Setting Western Denmark Heart Registry.
Patients 4432 patients with 6102 lesions treated with a Cypher (n=3791 lesions) or Taxus (n=2311 lesions) Interventions: Percutaneous coronary intervention.
Main outcome measures TLR defined as either new percutaneous coronary intervention or coronary artery bypass graft operation of the target lesion within 9 months from the index procedure.

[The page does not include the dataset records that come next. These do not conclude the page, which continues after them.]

(* In the setting below, every holomorphic function $f:\mathbb H\times\mathbb C^n\to\mathbb C$ which is invariant under $H_M$ (i.e. $f\circ g=f$ for all $g\in H_M$) is constant.
   Context: Let $n\ge 1$ and let $M=(m_{ij})\in SL(2n+1,\mathbb Z)$. Assume that $M$ has exactly one real eigenvalue $\alpha$, that $\alpha>0$, $\alpha\neq 1$, that $\alpha$ is a simple eigenvalue, and that the remaining eigenvalues are $\beta_1,\dots,\beta_k,\bar\beta_1,\dots,\bar\beta_k$ with $\mathrm{Im}\,\beta_j>0$. Let $W\subset\mathbb C^{2n+1}$ be the direct sum of the generalized eigenspaces of $M$ for $\beta_1,\dots,\beta_k$ (so $\dim_{\mathbb C}W=n$). Fix a real eigenvector $a=(a^{(1)},\dots,a^{(2n+1)})^\top\in\mathbb R^{2n+1}$ of $M$ for $\alpha$ and a basis $b_1,\dots,b_n$ of $W$, $b_j=(b_j^{(1)},\dots,b_j^{(2n+1)})^\top$. For $i=1,\dots,2n+1$ put $u_i=(a^{(i)},b_1^{(i)},\dots,b_n^{(i)})^\top\in\mathbb R\times\mathbb C^n$. Let $\mathbb H=\{w\in\mathbb C:\mathrm{Im}\,w>0\}$, define $g_i(w,z)=(w,z)+u_i$ on $\mathbb H\times\mathbb C^n$ for $1\le i\le 2n+1$, and let $H_M$ be the group generated by $g_1,\dots,g_{2n+1}$. *)

theory Defs
  imports "HOL-Analysis.Analysis"
begin

definition cmat :: "int^'m^'m \<Rightarrow> complex^'m^'m" where
  "cmat M = (\<chi> i j. of_int (M $ i $ j))"

definition rmat :: "int^'m^'m \<Rightarrow> real^'m^'m" where
  "rmat M = (\<chi> i j. of_int (M $ i $ j))"

definition is_eigenvalue :: "complex^'m^'m \<Rightarrow> complex \<Rightarrow> bool" where
  "is_eigenvalue A l \<longleftrightarrow> (\<exists>v. v \<noteq> 0 \<and> A *v v = l *s v)"

definition gen_eigenspace :: "complex^'m^'m \<Rightarrow> complex \<Rightarrow> (complex^'m) set" where
  "gen_eigenspace A l = {v. \<exists>k. ((\<lambda>x. A *v x - l *s x) ^^ k) v = 0}"

(* holomorphic function of several complex variables on an open set U of C x C^n:
   complex (Frechet) differentiable at every point of U *)
definition holo_several :: "(complex \<times> (complex^'n) \<Rightarrow> complex) \<Rightarrow> (complex \<times> (complex^'n)) set \<Rightarrow> bool" where
  "holo_several f U \<longleftrightarrow> open U \<and> (\<forall>p\<in>U. \<exists>f'. (f has_derivative f') (at p) \<and>
      (\<forall>c w z. f' (c * w, c *s z) = c * f' (w, z)))"

definition HxC :: "(complex \<times> (complex^'n)) set" where
  "HxC = {p. Im (fst p) > 0}"

inductive_set gen_group :: "('a \<Rightarrow> 'a) set \<Rightarrow> ('a \<Rightarrow> 'a) set" for S where
  gg_id: "id \<in> gen_group S"
| gg_gen: "g \<in> gen_group S \<Longrightarrow> s \<in> S \<Longrightarrow> s \<circ> g \<in> gen_group S"
| gg_inv: "g \<in> gen_group S \<Longrightarrow> s \<in> S \<Longrightarrow> inv s \<circ> g \<in> gen_group S"

definition gmap :: "real^'m \<Rightarrow> ('n \<Rightarrow> complex^'m) \<Rightarrow> 'm \<Rightarrow> complex \<times> (complex^'n) \<Rightarrow> complex \<times> (complex^'n)" where
  "gmap a b i = (\<lambda>(w, z). (w + of_real (a $ i), z + (\<chi> j. b j $ i)))"

definition H_M :: "real^'m \<Rightarrow> ('n \<Rightarrow> complex^'m) \<Rightarrow> (complex \<times> (complex^'n) \<Rightarrow> complex \<times> (complex^'n)) set" where
  "H_M a b = gen_group (range (gmap a b))"

end

theory Submission
  imports Defs "HOL-Complex_Analysis.Cauchy_Integral_Formula"
begin

(* The vectors a, b_j and their conjugates lie in generalized eigenspaces for pairwise disjoint
   sets of eigenvalues, so they form a basis of C^(2n+1). Hence the real linear map
   x \<mapsto> (x \<cdot> a, (x \<cdot> b_j)_j) is an isomorphism of R^(2n+1) onto R \<times> C^n, and H_M contains the
   translations by the image of Z^(2n+1), a full lattice. An invariant f is therefore bounded on
   every slice {w} \<times> C^n, hence independent of z by Liouville's theorem. Finally, iterating whichever
   of M, M^-1 contracts the eigenline of a on integer vectors x produces arbitrarily small nonzero
   real periods x \<cdot> a of w \<mapsto> f (w, 0), so its derivative vanishes. *)

definition eig_shift :: "'a::field^'m^'m \<Rightarrow> 'a \<Rightarrow> 'a^'m \<Rightarrow> 'a^'m" where
  "eig_shift A l v = A *v v - l *s v"

fun eig_shifts :: "'a::field^'m^'m \<Rightarrow> 'a list \<Rightarrow> 'a^'m \<Rightarrow> 'a^'m" where
  "eig_shifts A [] v = v"
| "eig_shifts A (l # ls) v = eig_shift A l (eig_shifts A ls v)"

lemma eig_shift_add: "eig_shift A l (u + v) = eig_shift A l u + eig_shift A l v"
  by (simp add: eig_shift_def matrix_vector_right_distrib vec_eq_iff algebra_simps)

lemma eig_shift_scale: "eig_shift A l (c *s v) = c *s eig_shift A l v"
  by (simp add: eig_shift_def vec_eq_iff matrix_vector_mult_def sum_distrib_left algebra_simps)

lemma eig_shift_commute: "eig_shift A l (eig_shift A m v) = eig_shift A m (eig_shift A l v)"
  by (simp add: eig_shift_def vec_eq_iff matrix_vector_mult_def sum_subtractf
      sum_distrib_left algebra_simps)

lemma eig_shifts_add: "eig_shifts A ls (u + v) = eig_shifts A ls u + eig_shifts A ls v"
  by (induct ls) (auto simp: eig_shift_add)

lemma eig_shifts_scale: "eig_shifts A ls (c *s v) = c *s eig_shifts A ls v"
  by (induct ls) (auto simp: eig_shift_scale)

lemma eig_shifts_zero [simp]: "eig_shifts A ls 0 = 0"
  using eig_shifts_scale[of A ls 0 0] by simp

lemma eig_shifts_append: "eig_shifts A (xs @ ys) v = eig_shifts A xs (eig_shifts A ys v)"
  by (induct xs) auto

lemma eig_shifts_commute: "eig_shifts A xs (eig_shifts A ys v) = eig_shifts A ys (eig_shifts A xs v)"
proof -
  have "eig_shift A l (eig_shifts A ys v) = eig_shifts A ys (eig_shift A l v)" for l v
    by (induct ys) (auto simp: eig_shift_commute)
  then show ?thesis by (induct xs arbitrary: v) auto
qed

lemma funpow_eq_eig_shifts: "((\<lambda>x. A *v x - l *s x) ^^ k) v = eig_shifts A (replicate k l) v"
  by (induct k) (auto simp: eig_shift_def)

lemma eig_shifts_eigenvector:
  assumes "eig_shift A \<mu> u = 0"
  shows "eig_shifts A ls u = (\<Prod>l\<leftarrow>ls. \<mu> - l) *s u"
proof (induct ls)
  case (Cons l ls)
  have "eig_shifts A (l # ls) u = (\<Prod>l\<leftarrow>ls. \<mu> - l) *s eig_shift A l u"
    by (simp add: Cons eig_shift_scale)
  also have "eig_shift A l u = (\<mu> - l) *s u"
    using assms by (simp add: eig_shift_def vec_eq_iff algebra_simps)
  finally show ?case by (simp add: vec_eq_iff algebra_simps)
qed simp

lemma eig_shifts_coprime_eq_0:
  assumes "set xs \<inter> set ys = {}" "eig_shifts A xs v = 0" "eig_shifts A ys v = 0"
  shows "v = 0"
  using assms
proof (induct xs arbitrary: v)
  case (Cons l xs)
  let ?u = "eig_shifts A xs v"
  have "eig_shifts A ys ?u = 0"
    using Cons.prems(3) by (simp add: eig_shifts_commute[of A xs ys v, symmetric])
  moreover have "eig_shift A l ?u = 0" "(\<Prod>k\<leftarrow>ys. l - k) \<noteq> 0"
    using Cons.prems by (auto simp: prod_list_zero_iff)
  ultimately have "?u = 0"
    using eig_shifts_eigenvector[of A l ?u ys] by (simp add: vec_eq_iff)
  with Cons show ?case by auto
qed simp

text \<open>The sum of the generalized eigenspaces of \<open>A\<close> for the eigenvalues in \<open>S\<close>, as the vectors
  annihilated by some product of factors \<open>A - l\<close> with \<open>l \<in> S\<close>.\<close>

definition root_space :: "'a::field^'m^'m \<Rightarrow> 'a set \<Rightarrow> ('a^'m) set" where
  "root_space A S = {v. \<exists>ls. set ls \<subseteq> S \<and> eig_shifts A ls v = 0}"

Results TLR within 9 months was performed in 2.5% of lesions treated with the Cypher stent and in 3.3% of lesions treated with the Taxus stent (odds ratio (OR) 1.36, 95% confidence interval (CI) 1.00 to 1.84). After adjustment by multivariate logistic regression, Taxus stent implantation was an independent predictor of TLR (OR 1.43, 95% CI 1.05 to 1.95). Implantation of >1 stent per lesion (OR 1.62, 95% CI 1.13 to 2.33) and reference diameter <2.8 mm (OR 1.42, 95% CI 1.00 to 2.02) were also identified as independent predictors of TLR.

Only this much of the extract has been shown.